What it is
Written by Kate Aronoff, Alyssa Battistoni, Daniel Aldana Cohen, and Thea Riofrancos, this 2019 book presents a radical Green New Deal vision that goes beyond decarbonization to reimagine work, housing, transportation, and social life. The authors argue that climate policy must be inseparable from economic justice: a green transition that leaves inequality intact is neither politically achievable nor morally defensible. Concrete policy proposals cover public housing, free public transit, a jobs guarantee, and democratic energy planning.
Why we picked this
A Planet to Win makes the political case that moderate climate policy cannot succeed because it does not build a large enough coalition. By linking decarbonization to material improvements in people's lives (free transit, public housing, guaranteed employment), the authors argue that ambitious climate policy can generate the popular support needed for implementation.

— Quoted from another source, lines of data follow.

(* Let $\phi\in\,]0,\pi[$, $M\in\mathbb{R}$, $N>0$. Let $\Sigma$ be the Keplerian branch around ${\rm O}$ in the plane ${\rm O}xy$ with equation $r=My+N$. Consider the affine map $(x_1,y_1)\mapsto(x_3,y_3)$ defined by $x_1=x_3-M\frac{\cos\phi}{\sin\phi}y_3-N\cos\phi$, $y_1=\frac{1}{\sin\phi}y_3$. Then the image of $\Sigma$ by this map is the Keplerian branch around ${\rm O}$ with equation $r=x\cos\phi+yM\sin\phi+N\sin^2\phi$.
   Context: In the Euclidean plane ${\rm O}xy$, $r=\sqrt{x^2+y^2}$. A Keplerian branch around ${\rm O}$ is the image of a solution of Newton's system $\ddot q=-q/\|q\|^3$ (extended through collisions by bouncing back along the same ray with the same energy). For $\gamma>0$, the set of points satisfying $r=\alpha x+\beta y+\gamma$ is an (irreducible) Keplerian branch around ${\rm O}$, and every nonrectilinear Keplerian branch is of this form. *)

theory Defs
  imports Complex_Main
begin

text \<open>For gamma > 0 this is exactly a (nonrectilinear)
  Keplerian branch around O (standing fact from the paper's context).\<close>
definition kepler_curve :: "real \<Rightarrow> real \<Rightarrow> real \<Rightarrow> (real \<times> real) set" where
  "kepler_curve \<alpha> \<beta> \<gamma> = {(x, y). sqrt (x\<^sup>2 + y\<^sup>2) = \<alpha> * x + \<beta> * y + \<gamma>}"

end

theory Submission
  imports Defs
begin

text \<open>Write s = sin phi, c = cos phi and R = M y1 + N, so that the preimage point is
  (x1, y1) = (x3 - c R, y3 / s) and its distance to O must equal R. Clearing the
  denominator and using c^2 + s^2 = 1, the squared equation for (x1, y1) becomes the
  squared equation x3^2 + y3^2 = (c x3 + s^2 R)^2 of the image curve, whose right-hand
  side is R + c (x3 - c R). Since |x3 - c R| = |x1| <= |R| and |c| < 1, the two right-hand
  sides R and c x3 + s^2 R have the same sign, so the square roots agree as well.\<close>

lemma sqrt_eq_iff_square: "0 \<le> a \<Longrightarrow> sqrt a = b \<longleftrightarrow> 0 \<le> b \<and> a = b\<^sup>2"
  for a b :: real
  by auto

lemma nonneg_perturbation_iff:
  fixes c u R :: real
  assumes "\<bar>c\<bar> < 1" and "\<bar>u\<bar> \<le> \<bar>R\<bar>"
  shows "0 \<le> R + c * u \<longleftrightarrow> 0 \<le> R"
proof -
  have "\<bar>c * u\<bar> \<le> \<bar>c\<bar> * \<bar>R\<bar>"
    using assms by (simp add: abs_mult mult_left_mono)
  moreover have "\<bar>c\<bar> * \<bar>R\<bar> < \<bar>R\<bar>" if "R \<noteq> 0"
    using assms(1) that by simp
  ultimately have "\<bar>c * u\<bar> < \<bar>R\<bar>" if "R \<noteq> 0"
    using that by linarith
  then show ?thesis
    using assms(2) by (cases "R = 0") (auto simp: abs_less_iff)
qed

lemma sheared_circle_iff:
  fixes s c x y R :: real
  assumes "s \<noteq> 0" and "c\<^sup>2 + s\<^sup>2 = 1"
  shows "(x - c * R)\<^sup>2 + (y / s)\<^sup>2 = R\<^sup>2 \<longleftrightarrow> x\<^sup>2 + y\<^sup>2 = (c * x + s\<^sup>2 * R)\<^sup>2"
proof -
  have "(x - c * R)\<^sup>2 + (y / s)\<^sup>2 = R\<^sup>2 \<longleftrightarrow> s\<^sup>2 * (x - c * R)\<^sup>2 + y\<^sup>2 = s\<^sup>2 * R\<^sup>2"
    using assms(1) by (simp add: field_simps)
  moreover have "(c * x + s\<^sup>2 * R)\<^sup>2 - (x\<^sup>2 + y\<^sup>2)
      = s\<^sup>2 * R\<^sup>2 - (s\<^sup>2 * (x - c * R)\<^sup>2 + y\<^sup>2) + (c\<^sup>2 + s\<^sup>2 - 1) * (x\<^sup>2 + s\<^sup>2 * R\<^sup>2)"
    by (simp add: power2_eq_square algebra_simps)
  ultimately show ?thesis
    using assms(2) by auto
qed

lemma sheared_distance_eq_iff:
  fixes s c x y R :: real
  assumes s: "s \<noteq> 0" and cs: "c\<^sup>2 + s\<^sup>2 = 1"
  shows "sqrt ((x - c * R)\<^sup>2 + (y / s)\<^sup>2) = R \<longleftrightarrow> sqrt (x\<^sup>2 + y\<^sup>2) = c * x + s\<^sup>2 * R"
proof -
  have same_sign: "0 \<le> c * x + s\<^sup>2 * R \<longleftrightarrow> 0 \<le> R"
    if circle: "(x - c * R)\<^sup>2 + (y / s)\<^sup>2 = R\<^sup>2"
  proof -
    have "c\<^sup>2 < 1"
      using s cs by (smt (verit) zero_less_power2)
    then have "\<bar>c\<bar> < 1"
      by (simp add: abs_square_less_1)
    moreover have "\<bar>x - c * R\<bar> \<le> \<bar>R\<bar>"
      using circle by (simp add: abs_le_square_iff) (smt (verit) zero_le_power2)
    moreover have "c * x + s\<^sup>2 * R = R + c * (x - c * R)"
      using cs by (simp add: algebra_simps power2_eq_square flip: distrib_left)
    ultimately show ?thesis
      using nonneg_perturbation_iff by presburger
  qed
  have "sqrt ((x - c * R)\<^sup>2 + (y / s)\<^sup>2) = R \<longleftrightarrow> 0 \<le> R \<and> (x - c * R)\<^sup>2 + (y / s)\<^sup>2 = R\<^sup>2"
    by (rule sqrt_eq_iff_square) simp
  also have "\<dots> \<longleftrightarrow> 0 \<le> c * x + s\<^sup>2 * R \<and> x\<^sup>2 + y\<^sup>2 = (c * x + s\<^sup>2 * R)\<^sup>2"
    using same_sign sheared_circle_iff[OF s cs] by blast
  also have "\<dots> \<longleftrightarrow> sqrt (x\<^sup>2 + y\<^sup>2) = c * x + s\<^sup>2 * R"
    by (rule sqrt_eq_iff_square[symmetric]) simp
  finally show ?thesis .
qed

theorem lemma6:
  fixes \<phi> M N :: real
  assumes "0 < \<phi>" and "\<phi> < pi" and "N > 0"
  shows "{(x3, y3). \<exists>(x1, y1) \<in> kepler_curve 0 M N.
            x1 = x3 - M * (cos \<phi> / sin \<phi>) * y3 - N * cos \<phi> \<and> y1 = (1 / sin \<phi>) * y3}
         = kepler_curve (cos \<phi>) (M * sin \<phi>) (N * (sin \<phi>)\<^sup>2)"
proof -
  let ?s = "sin \<phi>" and ?c = "cos \<phi>"
  have s: "?s \<noteq> 0"
    using assms sin_gt_zero by fastforce
  have cs: "?c\<^sup>2 + ?s\<^sup>2 = 1"
    by (simp add: add.commute)
  have "sqrt ((x3 - M * (?c / ?s) * y3 - N * ?c)\<^sup>2 + ((1 / ?s) * y3)\<^sup>2) = M * ((1 / ?s) * y3) + N
      \<longleftrightarrow> sqrt (x3\<^sup>2 + y3\<^sup>2) = ?c * x3 + M * ?s * y3 + N * ?s\<^sup>2" for x3 y3
  proof -
    let ?R = "M * ((1 / ?s) * y3) + N"
    have x1: "x3 - M * (?c / ?s) * y3 - N * ?c = x3 - ?c * ?R"
      by (simp add: algebra_simps)
    have y1: "(1 / ?s) * y3 = y3 / ?s"
      by simp
    have rhs: "?c * x3 + M * ?s * y3 + N * ?s\<^sup>2 = ?c * x3 + ?s\<^sup>2 * ?R"
      using s by (simp add: field_simps power2_eq_square)
    show ?thesis
      unfolding x1 rhs by (subst y1, rule sheared_distance_eq_iff[OF s cs])
  qed
  then show ?thesis
    unfolding kepler_curve_def by (auto simp del: One_nat_def)
qed

end
lemma finite_Bset: "finite (Bset a m)"
proof -
  define K where "K i = (\<Sum>j=1..m. \<bar>a j $ i\<bar>)" for i
  have bound: "\<bar>b $ i\<bar> \<le> K i" if b: "b \<in> Bset a m" for b i
  proof -
    have "real_of_int (b $ i) = (\<Sum>j=1..m. vcoef a m b j * real_of_int (a j $ i))"
      using arg_cong[OF vcoef_spec(2)[OF b], of "\<lambda>x. x $ i"] by (simp add: rvec_nth)
    also have "\<bar>\<dots>\<bar> \<le> (\<Sum>j=1..m. real_of_int \<bar>a j $ i\<bar>)"
    proof (intro order.trans[OF sum_abs] sum_mono)
      fix j
      assume "j \<in> {1..m}"
      then have "0 \<le> vcoef a m b j" "vcoef a m b j \<le> 1"
        using vcoef_spec(1)[OF b] by (auto intro: less_imp_le)
      then show "\<bar>vcoef a m b j * real_of_int (a j $ i)\<bar> \<le> real_of_int \<bar>a j $ i\<bar>"
        by (simp add: abs_mult mult_left_le_one_le)
    qed
    also have "\<dots> = real_of_int (K i)"
      by (simp add: K_def)
    finally have "real_of_int \<bar>b $ i\<bar> \<le> real_of_int (K i)"
      by simp
    then show ?thesis
      by (simp only: of_int_le_iff)
  qed
  have "Bset a m \<subseteq> vec_lambda ` (\<Pi>\<^sub>E i\<in>UNIV. {- K i..K i})"
  proof
    fix b
    assume "b \<in> Bset a m"
    then have "vec_nth b \<in> (\<Pi>\<^sub>E i\<in>UNIV. {- K i..K i})"
      using bound[OF \<open>b \<in> Bset a m\<close>] by (simp add: abs_le_iff minus_le_iff PiE_iff)
    then show "b \<in> vec_lambda ` (\<Pi>\<^sub>E i\<in>UNIV. {- K i..K i})"
      by (rule rev_image_eqI) simp
  qed
  moreover have "finite (vec_lambda ` (\<Pi>\<^sub>E i\<in>UNIV. {- K i..K i}))"
    by (intro finite_imageI finite_PiE) auto
  ultimately show ?thesis
    by (rule finite_subset)
qed

lemma Mset_decompose:
  assumes "u \<in> Mset a m"
  obtains b t where "b \<in> Bset a m" "u = b + (\<Sum>j=1..m. of_nat (t j) *s a j)"
proof -
  obtain c where c: "\<forall>j\<in>{1..m}. 0 \<le> c j" "rvec u = (\<Sum>j=1..m. c j *\<^sub>R ra j)"
    using assms unfolding Mset_iff by blast
  define t where "t j = nat \<lfloor>c j\<rfloor>" for j
  have frac: "0 \<le> c j - real (t j) \<and> c j - real (t j) < 1" if "j \<in> {1..m}" for j
  proof -
    have "real (t j) = of_int \<lfloor>c j\<rfloor>"
      using c(1) that by (simp add: t_def)
    then show ?thesis
      using of_int_floor_le[of "c j"] real_of_int_floor_add_one_gt[of "c j"] by linarith
  qed
  have "rvec (u - (\<Sum>j=1..m. of_nat (t j) *s a j)) = (\<Sum>j=1..m. (c j - real (t j)) *\<^sub>R ra j)"
    using c(2) by (simp add: rvec_sum scaleR_diff_left sum_subtractf)
  then have "u - (\<Sum>j=1..m. of_nat (t j) *s a j) \<in> Bset a m"
    unfolding Bset_iff using frac by (intro exI[of _ "\<lambda>j. c j - real (t j)"]) simp
  then show ?thesis
    by (rule that) simp
qed

lemma Mset_induct [consumes 1, case_names base step]:
  assumes "u \<in> Mset a m"
    and base: "\<And>b. b \<in> Bset a m \<Longrightarrow> P b"
    and step: "\<And>u j. u \<in> Mset a m \<Longrightarrow> P u \<Longrightarrow> j \<in> {1..m} \<Longrightarrow> P (u + a j)"
  shows "P u"
proof -
  obtain b t where b: "b \<in> Bset a m" and u: "u = b + (\<Sum>j=1..m. of_nat (t j) *s a j)"
    using Mset_decompose[OF assms(1)] .
  have step_n: "P (v + of_nat n *s a j)" if "v \<in> Mset a m" "P v" "j \<in> {1..m}" for v j n
  proof (induction n)
    case (Suc n)
    have eq: "v + of_nat (Suc n) *s a j = (v + of_nat n *s a j) + a j"
      by (simp add: vec_eq_iff algebra_simps)
    have "v + of_nat n *s a j \<in> Mset a m"
      using that by (simp add: Mset_add of_nat_scale_in_Mset a_in_Mset)
    then show ?case
      unfolding eq using step Suc that(3) by blast
  qed (use that in simp)
  have "b + (\<Sum>j\<in>J. of_nat (t j) *s a j) \<in> Mset a m \<and> P (b + (\<Sum>j\<in>J. of_nat (t j) *s a j))"
    if "J \<subseteq> {1..m}" for J
    using finite_subset[OF that finite_atLeastAtMost] that
  proof (induction J rule: finite_induct)
    case (insert j J)
    let ?v = "b + (\<Sum>j\<in>J. of_nat (t j) *s a j)"
    have eq: "b + (\<Sum>j\<in>insert j J. of_nat (t j) *s a j) = ?v + of_nat (t j) *s a j"
      using insert by (simp add: add_ac)
    show ?case
      unfolding eq using insert step_n[of ?v j "t j"]
      by (simp add: Mset_add of_nat_scale_in_Mset a_in_Mset)
  qed (use b Bset_subset_Mset base in simp)
  then show ?thesis
    unfolding u by blast
qed

lemma translates_in_Mset:
  assumes "supp p \<subseteq> Mset a m" "j \<in> {0..m}"
  shows "(\<lambda>u. u + a j) ` supp p \<subseteq> Mset a m"
  using assms a_in_Mset a0_in_Mset Mset_add by (cases "j = 0") auto

lemma Dop_in_Sset:
  assumes "p \<in> Sset a m"
  shows "Dop a l m i p \<in> Sset a m"
proof -
  let ?F = "supp p \<union> (\<Union>j\<in>{0..m}. (\<lambda>u. u + a j) ` supp p)"
  have p: "finite (supp p)" "supp p \<subseteq> Mset a m"
    using assms by (simp_all add: Sset_iff)
  then have "finite ?F" "?F \<subseteq> Mset a m"
    using translates_in_Mset[OF p(2)] by (simp_all add: UN_subset_iff)
  then show ?thesis
    using supp_Dop_subset[of a l m i p] unfolding Sset_iff by (meson finite_subset subset_trans)
qed

lemma Dlam_in_Sset:
  assumes "p \<in> Sset a m"
  shows "Dlam a l p \<in> Sset a m"
proof -
  let ?F = "supp p \<union> (\<lambda>u. u + a 0) ` supp p"
  have "finite ?F" "?F \<subseteq> Mset a m"
    using assms translates_in_Mset[of p 0] by (simp_all add: Sset_iff)
  then show ?thesis
    using supp_Dlam_subset[of a l p] unfolding Sset_iff by (meson finite_subset subset_trans)
qed

section \<open>The coefficients g and the series G\<close>

lemma sum_shift_scaleR:
  assumes "j \<in> {1..m}"
  shows "(\<Sum>k=1..m. (f k - (if k = j then x else 0)) *\<^sub>R ra k)
    = (\<Sum>k=1..m. f k *\<^sub>R ra k) - x *\<^sub>R ra j"
  by (simp only: scaleR_diff_left sum_subtractf sum_delta_scaleR[OF assms])
definition boolean_metric :: "'a set \<Rightarrow> ('a \<Rightarrow> 'a \<Rightarrow> 'b::boolean_ring) \<Rightarrow> bool" where
  "boolean_metric X d \<longleftrightarrow>
     (\<forall>x\<in>X. \<forall>y\<in>X. d x y = 0 \<longleftrightarrow> x = y) \<and>
     (\<forall>x\<in>X. \<forall>y\<in>X. d x y = d y x) \<and>
     (\<forall>x\<in>X. \<forall>y\<in>X. \<forall>z\<in>X. ble (d x z) (bjoin (d x y) (d y z)))"

definition disjoint_sum_one :: "nat \<Rightarrow> (nat \<Rightarrow> 'b::boolean_ring) \<Rightarrow> bool" where
  "disjoint_sum_one n a \<longleftrightarrow>
     (\<forall>i<n. \<forall>j<n. i \<noteq> j \<longrightarrow> a i * a j = 0) \<and> (\<Sum>i<n. a i) = 1"

definition is_conv_comb :: "('a \<Rightarrow> 'a \<Rightarrow> 'b::boolean_ring) \<Rightarrow> 'a \<Rightarrow> nat \<Rightarrow> (nat \<Rightarrow> 'a) \<Rightarrow> (nat \<Rightarrow> 'b) \<Rightarrow> bool" where
  "is_conv_comb d x n xs a \<longleftrightarrow> disjoint_sum_one n a \<and> (\<forall>i<n. a i * d x (xs i) = 0)"

definition convex_bms :: "'a set \<Rightarrow> ('a \<Rightarrow> 'a \<Rightarrow> 'b::boolean_ring) \<Rightarrow> bool" where
  "convex_bms X d \<longleftrightarrow>
     (\<forall>n xs a. (\<forall>i<n. xs i \<in> X) \<longrightarrow> disjoint_sum_one n a \<longrightarrow>
        (\<exists>x\<in>X. is_conv_comb d x n xs a))"
(* Let $\rho$ be a law invariant risk measure whose induced divergence $\alpha$ is simplified. Then for every Polish space $E$ and all $\mu,\nu\in\mathcal P(E)$, $$\alpha(\nu|\mu)=\sup\left\{\alpha(\nu\circ T^{-1}\,|\,\mu\circ T^{-1}):\ T:E\to F\text{ measurable},\ F\text{ a finite set}\right\}.$$
   Context: $(\Omega,\mathcal F,P)$ is a fixed nonatomic standard Borel probability space, $L^\infty=L^\infty(\Omega,\mathcal F,P)$. A risk measure is a convex $\rho:L^\infty\to\mathbb R$ that is monotone ($X\le Y$ a.s. implies $\rho(X)\le\rho(Y)$), cash additive ($\rho(X+c)=\rho(X)+c$, $c\in\mathbb R$) and normalized ($\rho(0)=0$); it is law invariant if $\rho(X)=\rho(Y)$ whenever $X,Y$ have the same law. For a Polish space $E$ (finite sets carry the discrete topology), $\mathcal P(E)$ is the set of Borel probability measures, $B(E)$ the bounded measurable and $C(E)$ the continuous real functions. For Polish $E$ and $\mu\in\mathcal P(E)$, $\rho_\mu(f):=\rho(f(X))$ for $f\in B(E)$, where $X:\Omega\to E$ is any measurable map with $P\circ X^{-1}=\mu$. The induced divergence is $\alpha(\nu|\mu):=\sup_{f\in B(E)}(\int_E f\,d\nu-\rho_\mu(f))$; it is simplified if $\alpha(\nu|\mu)=\sup_{f\in C([0,1])}(\int f\,d\nu-\rho_\mu(f))$ for all $\mu,\nu\in\mathcal P([0,1])$. *)

theory Defs
  imports "HOL-Probability.Probability"
begin

text \<open>The underlying probability space: a nonatomic standard Borel probability space.
  Standard Borel is modelled by taking the sample space to be a Polish type with its
  Borel sigma-algebra.\<close>
definition nonatomic_std_borel_prob :: "'w::polish_space measure \<Rightarrow> bool" where
  "nonatomic_std_borel_prob P \<longleftrightarrow> prob_space P \<and> sets P = sets borel \<and>
     (\<forall>A\<in>sets P. measure P A > 0 \<longrightarrow>
        (\<exists>B\<in>sets P. B \<subseteq> A \<and> 0 < measure P B \<and> measure P B < measure P A))"

definition Linf :: "'w measure \<Rightarrow> ('w \<Rightarrow> real) set" where
  "Linf P = {X. X \<in> borel_measurable P \<and> (\<exists>C. AE \<omega> in P. \<bar>X \<omega>\<bar> \<le> C)}"

definition risk_measure :: "'w measure \<Rightarrow> (('w \<Rightarrow> real) \<Rightarrow> real) \<Rightarrow> bool" where
  "risk_measure P \<rho> \<longleftrightarrow>
     (\<forall>X\<in>Linf P. \<forall>Y\<in>Linf P. \<forall>l::real. 0 \<le> l \<and> l \<le> 1 \<longrightarrow>
        \<rho> (\<lambda>\<omega>. l * X \<omega> + (1 - l) * Y \<omega>) \<le> l * \<rho> X + (1 - l) * \<rho> Y) \<and>
     (\<forall>X\<in>Linf P. \<forall>Y\<in>Linf P. (AE \<omega> in P. X \<omega> \<le> Y \<omega>) \<longrightarrow> \<rho> X \<le> \<rho> Y) \<and>
     (\<forall>X\<in>Linf P. \<forall>c::real. \<rho> (\<lambda>\<omega>. X \<omega> + c) = \<rho> X + c) \<and>
     \<rho> (\<lambda>\<omega>. 0) = 0"

definition law_invariant :: "'w measure \<Rightarrow> (('w \<Rightarrow> real) \<Rightarrow> real) \<Rightarrow> bool" where
  "law_invariant P \<rho> \<longleftrightarrow>
     (\<forall>X\<in>Linf P. \<forall>Y\<in>Linf P. distr P borel X = distr P borel Y \<longrightarrow> \<rho> X = \<rho> Y)"

text \<open>\<rho>_\<mu>(f) = \<rho>(f(X)) for any measurable X with law \<mu> (well defined by law invariance).\<close>
definition rho_law :: "'w measure \<Rightarrow> (('w \<Rightarrow> real) \<Rightarrow> real) \<Rightarrow> 'e measure \<Rightarrow> 'e measure
    \<Rightarrow> ('e \<Rightarrow> real) \<Rightarrow> real" where
  "rho_law P \<rho> M \<mu> f =
     \<rho> (\<lambda>\<omega>. f ((SOME X. X \<in> measurable P M \<and> distr P M X = \<mu>) \<omega>))"

definition Bfun :: "'e measure \<Rightarrow> ('e \<Rightarrow> real) set" where
  "Bfun M = {f. f \<in> borel_measurable M \<and> bounded (f ` space M)}"

definition divergence :: "'w measure \<Rightarrow> (('w \<Rightarrow> real) \<Rightarrow> real) \<Rightarrow> 'e measure
    \<Rightarrow> 'e measure \<Rightarrow> 'e measure \<Rightarrow> ereal" where
  "divergence P \<rho> M \<nu> \<mu> =
     (SUP f \<in> Bfun M. ereal ((\<integral>x. f x \<partial>\<nu>) - rho_law P \<rho> M \<mu> f))"

definition unit_interval :: "real measure" where
  "unit_interval = restrict_space borel {0..1}"

definition simplified_divergence :: "'w measure \<Rightarrow> (('w \<Rightarrow> real) \<Rightarrow> real) \<Rightarrow> bool" where
  "simplified_divergence P \<rho> \<longleftrightarrow>
     (\<forall>\<mu> \<nu>. prob_space \<mu> \<and> sets \<mu> = sets unit_interval \<and>
            prob_space \<nu> \<and> sets \<nu> = sets unit_interval \<longrightarrow>
        divergence P \<rho> unit_interval \<nu> \<mu> =
          (SUP f \<in> {f. continuous_on {0..1} f}.
             ereal ((\<integral>x. f x \<partial>\<nu>) - rho_law P \<rho> unit_interval \<mu> f)))"

end

theory Submission
  imports Defs
begin

text \<open>A bounded measurable function is, up to a uniform error \<open>e\<close> from below, of the form
  \<open>g \<circ> T\<close> with \<open>T\<close> taking finitely many values; monotonicity of \<open>\<rho>\<close> and of the integral then
  shows that the divergence is approached on finite pushforwards, while the reverse inequality is
  a data processing inequality coming from law invariance. What remains is to make \<open>\<rho>\<^sub>\<mu>\<close>
  meaningful, i.e.\ to realise every Borel law \<open>\<mu>\<close> on a Polish space as the law of a random
  variable on \<open>P\<close>: a Polish space embeds Borel-measurably into \<open>\<real>\<close> (record the indices of its
  dyadic approximations from a dense sequence as base-4 digits), a nonatomic \<open>P\<close> carries a
  uniform random variable (probability integral transform), and the quantile function of the
  image of \<open>\<mu>\<close> turns it into a variable of law \<open>\<mu>\<close>.\<close>

section \<open>Base-4 expansions\<close>

definition quart_expansion :: "(nat \<Rightarrow> bool) \<Rightarrow> real" where
  "quart_expansion c = (\<Sum>j. of_bool (c j) / 4 ^ Suc j)"

definition quart_prefix :: "(nat \<Rightarrow> bool) \<Rightarrow> nat \<Rightarrow> int" where
  "quart_prefix c m = (\<Sum>j\<le>m. of_bool (c j) * 4 ^ (m - j))"

lemma summable_quart_digits: "summable (\<lambda>j. of_bool (c j) / (4::real) ^ Suc j)"
proof (rule summable_comparison_test[where g="\<lambda>j. (1/4::real) ^ j"])
  show "\<exists>N. \<forall>n\<ge>N. norm (of_bool (c n) / (4::real) ^ Suc n) \<le> (1/4) ^ n"
    by (auto simp: power_divide field_simps)
qed (simp add: summable_geometric)

lemma quart_prefix_Suc: "quart_prefix c (Suc m) = 4 * quart_prefix c m + of_bool (c (Suc m))"
proof -
  have "(\<Sum>j\<le>m. of_bool (c j) * (4::int) ^ (Suc m - j)) = 4 * quart_prefix c m"
    unfolding quart_prefix_def sum_distrib_left by (rule sum.cong) (auto simp: Suc_diff_le)
  then show ?thesis
    unfolding quart_prefix_def by simp
qed

lemma quart_prefix_mod_4: "quart_prefix c m mod 4 = of_bool (c m)"
  by (cases m) (simp add: quart_prefix_def, simp add: quart_prefix_Suc)

lemma quart_prefix_eq_scaled_sum:
  "(4::real) ^ Suc m * (\<Sum>j<Suc m. of_bool (c j) / 4 ^ Suc j) = quart_prefix c m"
proof (induction m)
  case 0
  then show ?case by (simp add: quart_prefix_def)
next
  case (Suc m)
  have "(4::real) ^ Suc (Suc m) * (\<Sum>j<Suc (Suc m). of_bool (c j) / 4 ^ Suc j)
      = 4 * ((4::real) ^ Suc m * (\<Sum>j<Suc m. of_bool (c j) / 4 ^ Suc j)) + of_bool (c (Suc m))"
    by (simp add: algebra_simps)
  then show ?case
    using Suc by (simp add: quart_prefix_Suc)
qed

lemma quart_tail_bounds:
  "0 \<le> (\<Sum>j. of_bool (c j) / (4::real) ^ Suc j) \<and> (\<Sum>j. of_bool (c j) / (4::real) ^ Suc j) \<le> 1/3"
proof
  show "0 \<le> (\<Sum>j. of_bool (c j) / (4::real) ^ Suc j)"
    by (rule suminf_nonneg[OF summable_quart_digits]) auto
  have "(\<Sum>j. of_bool (c j) / (4::real) ^ Suc j) \<le> (\<Sum>j. 1/4 * (1/4::real) ^ j)"
    by (intro suminf_le summable_quart_digits summable_mult summable_geometric)
       (auto simp: power_divide)
  also have "\<dots> = 1/4 * (\<Sum>j. (1/4::real) ^ j)"
    by (rule suminf_mult) (simp add: summable_geometric)
  also have "\<dots> = 1/3"
    by (subst suminf_geometric) auto
  finally show "(\<Sum>j. of_bool (c j) / (4::real) ^ Suc j) \<le> 1/3" .
qed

For solarpunk thinkers, this is the policy architecture beneath the aesthetic.
Key takeaways
- The book argues that 'green austerity' (asking people to sacrifice for the climate) is politically doomed, and that successful climate policy must visibly improve daily life.
- Specific proposals include free, frequent public transit, public green housing, and a federal jobs guarantee focused on care work and ecological restoration.
- The authors draw on examples from Vienna's social housing, Brazil's free transit campaigns, and Scandinavian energy cooperatives to show these ideas already work at scale.